По длине она была первой в городе — протянулась от гор до моря. Ширины в ней хватило бы на целых четыре улицы или на добрую площадь. По густоте зелени она походила на бульвар, а по обилию уютных уголков под свисающими ветвями — на парк культуры и отдыха. Гошке приходилось слышать, как некоторые ругали улицу за такую планировку, говорили, что надо было зелень придвинуть к домам и отделить их от проезжей части. А он не был согласен. Ему нравилось подскочить на такси, прижаться дверцей к зеленой обочине и незаметно исчезнуть, раствориться в кустарнике. Это было шиком: вдруг явиться перед затаившимися дружками. Из кустов. Как Афродита из морской пены.
Здесь можно было тихо сидеть на скамеечке и, оставаясь невидимым, хоть целый день наблюдать жизнь улицы. Рано утром она была молчаливо-торопливой: работяги топали в порт и на заводы. Чуть позже улица начинала шуметь таксомоторами: командированные мчались с поезда занимать очередь в гостиницу. Потом открывались магазины, и слепые от спешки женщины метались от одного к другому, громко хлопая дверьми. Они были стремительны, как норд-ост, появлялись на четверть часа и так же внезапно исчезали неизвестно куда. После них в магазины тянулись засидевшиеся на пенсии старички и старушки, шаркали по цветной брусчатке любимыми шлепанцами, громко сморкались, гремели бидонами и подолгу стояли на каждом углу, обсуждая личные и коммунальные проблемы, трудные школьные программы и положение на Ближнем Востоке.

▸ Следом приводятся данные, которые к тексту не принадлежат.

lemma exists_unit_seq_in_open_halfspace_tendsto:
  assumes "\<bar>t\<bar> < 1"
  obtains X :: "nat \<Rightarrow> 'a"
  where "\<And>k. X k \<in> span {a, e}" "\<And>k. norm (X k) = 1" "\<And>k. a \<bullet> X k + t < 0"
    and "X \<longlonglongrightarrow> (- t) *\<^sub>R a + sqrt (1 - t\<^sup>2) *\<^sub>R e"
proof
  define p where "p k = - t - (1 - t) / real (k + 2)" for k
  define X where "X k = p k *\<^sub>R a + sqrt (1 - (p k)\<^sup>2) *\<^sub>R e" for k
  have step_pos: "0 < (1 - t) / real (k + 2)" for k
    using assms by simp
  have step_le: "(1 - t) / real (k + 2) \<le> (1 - t) / 1" for k
    using assms by (intro divide_left_mono) auto
  have p_bounds: "- 1 \<le> p k" "p k < - t" for k
    using step_pos[of k] step_le[of k] unfolding p_def by auto
  have p_sq: "(p k)\<^sup>2 \<le> 1" for k
    using p_bounds[of k] assms by (simp add: abs_square_le_1)
  show "X k \<in> span {a, e}" for k
    by (simp add: X_def span_add span_scale span_base)
  show "norm (X k) = 1" for k
    using inner_orthonormal_combinations[of "p k" "sqrt (1 - (p k)\<^sup>2)" "p k" "sqrt (1 - (p k)\<^sup>2)"] p_sq[of k]
    by (simp add: X_def norm_eq_sqrt_inner power2_eq_square[symmetric])
  show "a \<bullet> X k + t < 0" for k
    using inner_orthonormal_combinations[of 1 0 "p k" "sqrt (1 - (p k)\<^sup>2)"] p_bounds(2)[of k]
    by (simp add: X_def)
  have "(\<lambda>k. (1 - t) / real (k + 2)) \<longlonglongrightarrow> 0"
    using LIMSEQ_ignore_initial_segment[OF lim_const_over_n, of "1 - t" 2] by simp
  then have "p \<longlonglongrightarrow> - t - 0"
    unfolding p_def by (intro tendsto_intros)
  then have "X \<longlonglongrightarrow> (- t) *\<^sub>R a + sqrt (1 - (- t)\<^sup>2) *\<^sub>R e"
    unfolding X_def by (intro tendsto_intros) simp_all
  then show "X \<longlonglongrightarrow> (- t) *\<^sub>R a + sqrt (1 - t\<^sup>2) *\<^sub>R e"
    by simp
qed

end

lemma phi_val_in_orthonormal_frame:
  fixes a e lam :: "'a::euclidean_space" and d beta :: "'b::euclidean_space"
  assumes a: "a \<bullet> a = 1" and e: "e \<bullet> e = 1" "a \<bullet> e = 0"
    and lam: "lam = c *\<^sub>R a + sqrt (1 - c\<^sup>2) *\<^sub>R e"
    and "\<bar>c\<bar> < 1" "\<bar>d \<bullet> beta\<bar> < 1" "0 \<le> c + d \<bullet> beta"
  shows "phi_val lam a d beta = sqrt (1 - c\<^sup>2) * sqrt (1 - (d \<bullet> beta)\<^sup>2) - c * (d \<bullet> beta)"
proof -
  define t m r where "t = d \<bullet> beta" and "m = sqrt (1 - c\<^sup>2)" and "r = sqrt (1 - t\<^sup>2)"
  define u where "u = (- t) *\<^sub>R a + r *\<^sub>R e"
  have r_pos: "0 < r" and m_nonneg: "0 \<le> m"
    using assms(5,6) by (simp_all add: r_def t_def m_def abs_square_less_1 abs_square_le_1)
  \<comment> \<open>KKT certificate for the maximiser u\<close>
  have "lam = (m / r) *\<^sub>R u + ((t * m + c * r) / r) *\<^sub>R a"
    using r_pos by (simp add: u_def lam m_def algebra_simps diff_divide_distrib add_divide_distrib)
  moreover have "0 \<le> t * m + c * r"
    using assms(5-7) unfolding m_def r_def t_def
    by (intro sqrt_one_minus_square_combination_nonneg) auto
  moreover have "u \<bullet> u = 1" "a \<bullet> u = - t"
    using inner_orthonormal_combinations[OF a e, of "- t" r "- t" r]
      inner_orthonormal_combinations[OF a e, of 1 0 "- t" r] assms(6)
    by (simp_all add: u_def r_def t_def power2_eq_square[symmetric] abs_square_le_1)
  ultimately have "phi_val lam a d beta = lam \<bullet> u"
    using r_pos m_nonneg
    by (intro phi_val_eq_at_conic_combination[where p = "m / r" and q = "(t * m + c * r) / r"])
      (auto simp: norm_eq_sqrt_inner t_def)
  also have "\<dots> = m * r - c * t"
    using inner_orthonormal_combinations[OF a e, of c m "- t" r] by (simp add: lam u_def m_def)
  finally show ?thesis
    by (simp add: m_def r_def t_def)
qed

theorem lemma2:
  fixes a lam :: "'a::euclidean_space" and beta d :: "'b::euclidean_space"
  assumes "norm a = 1" and "norm lam = 1" and "norm beta = 1"
    and "lam \<noteq> a" and "lam \<noteq> - a"
    and "norm d < 1"
    and "lam \<bullet> a + d \<bullet> beta \<ge> 0"
  defines "s \<equiv> sqrt ((1 - (d \<bullet> beta)\<^sup>2) / (1 - (lam \<bullet> a)\<^sup>2))"
  defines "xb \<equiv> s *\<^sub>R lam - (d \<bullet> beta + (lam \<bullet> a) * s) *\<^sub>R a"
  shows "(\<forall>X :: nat \<Rightarrow> 'a.
            (\<forall>k. X k \<in> span {lam, a} \<and> norm (X k) = 1 \<and> a \<bullet> X k + d \<bullet> beta < 0)
            \<and> X \<longlonglongrightarrow> xb
          \<longrightarrow> (\<lambda>k. (lam \<bullet> (X k - xb)) / (a \<bullet> (X k - xb)))
                \<longlonglongrightarrow> (d \<bullet> beta + (lam \<bullet> a) * phi_val lam a d beta)
                     / (phi_val lam a d beta + (d \<bullet> beta) * (lam \<bullet> a)))
       \<and> (\<exists>X :: nat \<Rightarrow> 'a.
            (\<forall>k. X k \<in> span {lam, a} \<and> norm (X k) = 1 \<and> a \<bullet> X k + d \<bullet> beta < 0)
            \<and> X \<longlonglongrightarrow> xb)"
proof -
  define c t where "c = lam \<bullet> a" and "t = d \<bullet> beta"
  define m r where "m = sqrt (1 - c\<^sup>2)" and "r = sqrt (1 - t\<^sup>2)"
  have c_lt: "\<bar>c\<bar> < 1"
    unfolding c_def using assms(1,2,4,5) by (rule abs_inner_less_one_of_unit_vectors)
  have t_lt: "\<bar>t\<bar> < 1"
    using Cauchy_Schwarz_ineq2[of d beta] assms(3,6) by (simp add: t_def)
  obtain e where e: "e \<bullet> e = 1" "a \<bullet> e = 0" and lam: "lam = c *\<^sub>R a + m *\<^sub>R e"
    using orthonormal_frame_of_unit_vectors[OF assms(1,2)] c_lt unfolding c_def m_def by blast
  have a: "a \<bullet> a = 1"
    using assms(1) by (simp add: dot_square_norm)
  have m_pos: "0 < m" and r_pos: "0 < r" and msq: "m\<^sup>2 = 1 - c\<^sup>2"
    using c_lt t_lt by (simp_all add: m_def r_def abs_square_less_1 less_imp_le)
  have "s = r / m"
    unfolding s_def m_def r_def c_def t_def by (rule real_sqrt_divide)
  moreover have "xb = s *\<^sub>R lam - (t + c * s) *\<^sub>R a"
    by (simp add: xb_def c_def t_def)
  ultimately have xb: "xb = (- t) *\<^sub>R a + r *\<^sub>R e"
    using m_pos by (simp add: lam algebra_simps)
  have phi: "phi_val lam a d beta = m * r - c * t"
    using phi_val_in_orthonormal_frame[OF a e lam[unfolded m_def] c_lt] t_lt assms(7)
    by (simp add: m_def r_def c_def t_def)
  have limit_value: "(t + c * (m * r - c * t)) / (m * r - c * t + t * c) = c + m * t / r"
    using m_pos r_pos msq by (simp add: field_simps power2_eq_square) algebra
  have span_frame: "span {lam, a} = span {a, e}"
    using m_pos by (simp add: lam span_pair_eq_of_combination)
  show ?thesis
    unfolding c_def[symmetric] t_def[symmetric] phi limit_value span_frame
  proof (intro conjI allI impI)
    fix X :: "nat \<Rightarrow> 'a"
    assume X: "(\<forall>k. X k \<in> span {a, e} \<and> norm (X k) = 1 \<and> a \<bullet> X k + t < 0) \<and> X \<longlonglongrightarrow> xb"
    have "a \<bullet> X k \<noteq> - t" for k
      using X[THEN conjunct1, rule_format, of k] by linarith
    with X show "(\<lambda>k. lam \<bullet> (X k - xb) / (a \<bullet> (X k - xb))) \<longlonglongrightarrow> c + m * t / r"
      using difference_quotient_tendsto_on_circle[OF a e t_lt lam xb[unfolded r_def], folded r_def]
      by blast
  next
    show "\<exists>X. (\<forall>k. X k \<in> span {a, e} \<and> norm (X k) = 1 \<and> a \<bullet> X k + t < 0) \<and> X \<longlonglongrightarrow> xb"
      using exists_unit_seq_in_open_halfspace_tendsto[OF a e t_lt] xb unfolding r_def by metis
  qed
qed

end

Потом наступали самые неуютные часы: на тихие дорожки выкатывались дивизионы детских колясок. Тогда из-под кустов то и дело слышалось мучительное «пис-пис…» или вдруг рядом раздавался такой рев, что живо вспоминались рвущие душу стоны теплоходных сирен в морском тумане. И уж не дай бог, если по соседству обосновывалась нервная нянечка с отпрыском счастливого возраста от двух до пяти. Тогда сиди и оглядывайся, чтобы целы были сигареты, мирно лежащие рядом на скамье, или чтобы не шлепнулось тебе на шею что-нибудь грязное и мокрое. От контактов с этими чересчур любознательными горожанами Гошка старался воздерживаться, вставал и уходил куда-нибудь. Возвращался, когда тени от домов переползали на другую сторону улицы.
С часу до двух время пролетало быстро и весело: на бульвар приходили продавщицы из соседних магазинов. Затем оставалось переждать еще немного, и начиналось самое его, Гошкино, время. Открывалась не регламентированная ни одной инструкцией толкучка. На скамеечках в тени акаций собирались разного рода филателисты, филуменисты, нумизматы и прочие охотники до никому не понятных, но всеми почитаемых увлечений. Толпа как магнит: к ней, словно к светлому окну, слетаются все праздношатающиеся «мотыльки». И тут только не зевать. Среди них много тех, кого «деловые люди» с бульвара уважительно называют «купцами». Лучшие из них — командированные. Они, не торгуясь, берут все подряд и особенно жевательную резинку. Тут можно поймать и морячка, жаждущего поменять «монету на монету».
Конечно, особенно разгуляться не дадут «друзья с повязками». Но, имея голову на плечах, не влипнешь. А Гошка был уверен, что эта «деталь» у него всегда на месте.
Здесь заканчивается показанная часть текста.